Parse-and-validate in one shot; use the typed result directly downstream. Best when you want to use the data after validating it.
Install: pip install pydantic

dbom_model.py
#!/usr/bin/env python3
"""Pydantic models for DBOM v0.1 — parse-and-validate with typed result."""

import re, sys, json
from datetime import datetime
from pathlib import Path
from typing import Literal
from pydantic import BaseModel, field_validator, model_validator

SHA256_RE = re.compile(r"^[a-f0-9]{64}$")

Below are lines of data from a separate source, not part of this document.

(* Let $\Omega\subset\mathbb{R}^2$ be open, $\lambda>0$, and let $u\in L^2(\Omega)$ satisfy $-\Delta u=\lambda u$ in $\Omega$. Let $\mathbf{x}_0\in\Omega$, $h>0$, and let $\mathbf{e}^-,\mathbf{e}^+$ be unit vectors with angle $\alpha\pi$ from $\mathbf{e}^-$ to $\mathbf{e}^+$, where $\alpha\in(0,2)$ is irrational; put $\Gamma^\pm=\{\mathbf{x}_0+t\mathbf{e}^\pm:0\le t\le h\}\subset\Omega$. Suppose $\Gamma^-$ is a generalized singular line of $u$ with constant parameter $\eta_1\equiv C_1$ and $\Gamma^+$ is a nodal line of $u$ ($u=0$ on $\Gamma^+$). Then $\mathrm{Vani}(u;\mathbf{x}_0)=+\infty$.
   Context: No boundary condition is imposed on $\partial\Omega$; $u$ is real-analytic in $\Omega$. A generalized singular line with parameter $\eta$ (not identically zero; here a nonzero complex constant) is a segment $\Gamma$ on which $\partial_\nu u+\eta u=0$, $\nu$ a unit normal to $\Gamma$. $\mathrm{Vani}(u;\mathbf{x}_0)$ is the smallest degree of a nonzero homogeneous term in the Taylor expansion of $u$ at $\mathbf{x}_0$ ($+\infty$ if all vanish). *)

theory Defs
  imports "HOL-Analysis.Analysis" "HOL-Library.Extended_Nat"
begin

definition pdx :: "(real \<times> real \<Rightarrow> complex) \<Rightarrow> real \<times> real \<Rightarrow> complex" where
  "pdx f p = vector_derivative (\<lambda>t. f (t, snd p)) (at (fst p))"

definition pdy :: "(real \<times> real \<Rightarrow> complex) \<Rightarrow> real \<times> real \<Rightarrow> complex" where
  "pdy f p = vector_derivative (\<lambda>t. f (fst p, t)) (at (snd p))"

text \<open>Iterated partial derivatives: True = d/dx, False = d/dy (applied right to left).\<close>
fun dops :: "bool list \<Rightarrow> (real \<times> real \<Rightarrow> complex) \<Rightarrow> real \<times> real \<Rightarrow> complex" where
  "dops [] f = f"
| "dops (b # bs) f = (if b then pdx else pdy) (dops bs f)"

definition smooth2_on :: "(real \<times> real) set \<Rightarrow> (real \<times> real \<Rightarrow> complex) \<Rightarrow> bool" where
  "smooth2_on \<Omega> u \<longleftrightarrow> (\<forall>bs. continuous_on \<Omega> (dops bs u) \<and>
     (\<forall>p\<in>\<Omega>. (\<lambda>t. dops bs u (t, snd p)) differentiable (at (fst p)) \<and>
              (\<lambda>t. dops bs u (fst p, t)) differentiable (at (snd p))))"

definition laplacian :: "(real \<times> real \<Rightarrow> complex) \<Rightarrow> real \<times> real \<Rightarrow> complex" where
  "laplacian u p = pdx (pdx u) p + pdy (pdy u) p"

text \<open>Homogeneous term of degree N of the Taylor expansion of u at x0
  (as a function of the displacement (x,y)).\<close>
definition taylor_hterm :: "(real \<times> real \<Rightarrow> complex) \<Rightarrow> real \<times> real \<Rightarrow> nat \<Rightarrow> real \<times> real \<Rightarrow> complex" where
  "taylor_hterm u x0 N = (\<lambda>(x, y). \<Sum>j\<le>N.
      dops (replicate j True @ replicate (N - j) False) u x0
        / of_real (fact j * fact (N - j)) * of_real (x ^ j * y ^ (N - j)))"

definition Vani :: "(real \<times> real \<Rightarrow> complex) \<Rightarrow> real \<times> real \<Rightarrow> enat" where
  "Vani u x0 = (if \<exists>N. taylor_hterm u x0 N \<noteq> (\<lambda>_. 0)
                then enat (LEAST N. taylor_hterm u x0 N \<noteq> (\<lambda>_. 0)) else \<infinity>)"

definition rot90 :: "real \<times> real \<Rightarrow> real \<times> real" where
  "rot90 e = (- snd e, fst e)"

definition rotate :: "real \<Rightarrow> real \<times> real \<Rightarrow> real \<times> real" where
  "rotate \<theta> e = (cos \<theta> * fst e - sin \<theta> * snd e, sin \<theta> * fst e + cos \<theta> * snd e)"

definition segment_from :: "real \<times> real \<Rightarrow> real \<times> real \<Rightarrow> real \<Rightarrow> (real \<times> real) set" where
  "segment_from x0 e h = {x0 + t *\<^sub>R e | t. 0 \<le> t \<and> t \<le> h}"

definition normal_deriv :: "real \<times> real \<Rightarrow> (real \<times> real \<Rightarrow> complex) \<Rightarrow> real \<times> real \<Rightarrow> complex" where
  "normal_deriv \<nu> u p = of_real (fst \<nu>) * pdx u p + of_real (snd \<nu>) * pdy u p"

definition gen_singular_line ::
  "(real \<times> real \<Rightarrow> complex) \<Rightarrow> (real \<times> real) set \<Rightarrow> real \<times> real \<Rightarrow> (real \<times> real \<Rightarrow> complex) \<Rightarrow> bool" where
  "gen_singular_line u \<Gamma> \<nu> \<eta> \<longleftrightarrow> (\<forall>p\<in>\<Gamma>. normal_deriv \<nu> u p + \<eta> p * u p = 0)"

end

theory Submission
  imports Defs
begin

text \<open>Suppose all derivatives of u of order below N vanish at x0. Differentiating the Helmholtz
  equation then gives d_x^(k+2) d_y^m u (x0) = - d_x^k d_y^(m+2) u (x0) in order N, so all derivatives
  of order N are determined by A = d_x^N u (x0) and B = d_x^(N-1) d_y u (x0): the N-th derivative
  along a direction z (a complex number) is A Re (z^N) + B Im (z^N). The nodal line makes this
  vanish for z = e+ = cis (alpha pi) e-. On the singular line the (N-1)-th tangential derivative of
  d_nu u + C1 u vanishes; the term C1 u only involves derivatives of order N - 1, so this says that
  the same form vanishes at i e-^N. Both conditions together force A = B = 0 because
  cos (N alpha pi) is never 0 for irrational alpha, and induction on N gives Vani u x0 = \<infinity>.\<close>

section \<open>Calculus in the plane\<close>

lemma increment_linearization:
  fixes f f' :: "real \<Rightarrow> 'a::real_normed_vector"
  assumes s: "0 \<le> s"
    and f': "\<And>x. x \<in> {c..c+s} \<Longrightarrow> (f has_vector_derivative f' x) (at x)"
    and near: "\<And>x. x \<in> {c..c+s} \<Longrightarrow> norm (f' x - L) \<le> \<epsilon>"
  shows "norm (f (c+s) - f c - s *\<^sub>R L) \<le> 3 * \<epsilon> * s"
proof -
  have c: "c \<in> {c..c+s}" using s by simp
  have near_c: "norm (L - f' c) \<le> \<epsilon>" using near[OF c] by (simp add: norm_minus_commute)
  have "norm (f (c+s) - f c - ((c+s) - c) *\<^sub>R f' c) \<le> norm ((c+s) - c) * (2 * \<epsilon>)"
  proof (rule vector_differentiable_bound_linearization[where S="{c..c+s}"])
    show "(f has_vector_derivative f' x) (at x within {c..c+s})" if "x \<in> {c..c+s}" for x
      using f'[OF that] by (rule has_vector_derivative_at_within)
    show "norm (f' x - f' c) \<le> 2 * \<epsilon>" if "x \<in> {c..c+s}" for x
      using norm_diff_triangle_le[OF near[OF that] near_c] by simp
  qed (use s in \<open>auto simp: closed_segment_eq_real_ivl\<close>)
  then have "norm (f (c+s) - f c - s *\<^sub>R f' c) \<le> 2 * \<epsilon> * s"
    using s by (simp add: mult.commute)
  moreover have "norm (s *\<^sub>R f' c - s *\<^sub>R L) \<le> \<epsilon> * s"
    using near[OF c] s by (simp flip: scaleR_diff_right) (metis mult.commute mult_left_mono)
  ultimately show ?thesis
    using norm_diff_triangle_le by fastforce
qed
lemma subring_of_H_ring: "subring_of H_ring"
  unfolding subring_of_def H_ring_eq
proof (intro conjI ballI)
  show "(0::rat fls) \<in> {over_X_pow q k |q k. q \<in> int_valued_polys}"
    using over_X_pow_0 int_valued_polysI[of 0] by force
  show "(1::rat fls) \<in> {over_X_pow q k |q k. q \<in> int_valued_polys}"
    unfolding mem_Collect_eq
    by (rule exI[of _ 1], rule exI[of _ 0]) (simp add: int_valued_polys_def)
  fix x y assume "x \<in> {over_X_pow q k |q k. q \<in> int_valued_polys}"
    and "y \<in> {over_X_pow q k |q k. q \<in> int_valued_polys}"
  then obtain q k q' k' where x: "x = over_X_pow q k" "q \<in> int_valued_polys"
    and y: "y = over_X_pow q' k'" "q' \<in> int_valued_polys" by blast
  show "x + y \<in> {over_X_pow q k |q k. q \<in> int_valued_polys}"
    unfolding x y over_X_pow_add
    using x y by (blast intro: int_valued_polys_add int_valued_polys_mult monom_int_valued)
  show "x * y \<in> {over_X_pow q k |q k. q \<in> int_valued_polys}"
    unfolding x y over_X_pow_mult using x y by (blast intro: int_valued_polys_mult)
  show "- x \<in> {over_X_pow q k |q k. q \<in> int_valued_polys}"
    unfolding x over_X_pow_uminus using x by (blast intro: int_valued_polys_uminus)
qed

class HashInfo(BaseModel):
    algorithm: Literal["sha256"]
    value: str

    @field_validator("value")
    @classmethod
    def must_be_hex64(cls, v):
        if not SHA256_RE.match(v):
            raise ValueError("hash value must be 64 lowercase hex characters")
        return v

class Source(BaseModel):
    uri: str
    hash: HashInfo
    format: str

class Signature(BaseModel):
    algorithm: Literal["sha256"]
    value: str
    signer: str

    @field_validator("value")
    @classmethod
    def must_be_hex64(cls, v):
        if not SHA256_RE.match(v):
            raise ValueError("signature value must be 64 lowercase hex characters")
        return v

class LineageStep(BaseModel):
    step: int
    description: str
    tool: str
    input_hash: str
    output_hash: str

    @model_validator(mode="after")
    def step_positive(self):
        if self.step < 1:
            raise ValueError("step must be >= 1")
        return self

class DBOM(BaseModel):
    schema_version: Literal["0.1"]
    id: str
    created_at: datetime
    source: Source
    signature: Signature
    lineage: list[LineageStep]

    @field_validator("id")
    @classmethod
    def id_prefix(cls, v):
        if not v.startswith("dbom-"):
            raise ValueError('id must start with "dbom-"')
        return v

    @field_validator("lineage")
    @classmethod
    def lineage_nonempty(cls, v):
        if len(v) < 1:
            raise ValueError("lineage must contain at least one step")
        return v

def load_dbom(path: str) -> DBOM:
    """Parse and validate. Raises ValidationError on failure."""
    return DBOM.model_validate(json.loads(Path(path).read_text()))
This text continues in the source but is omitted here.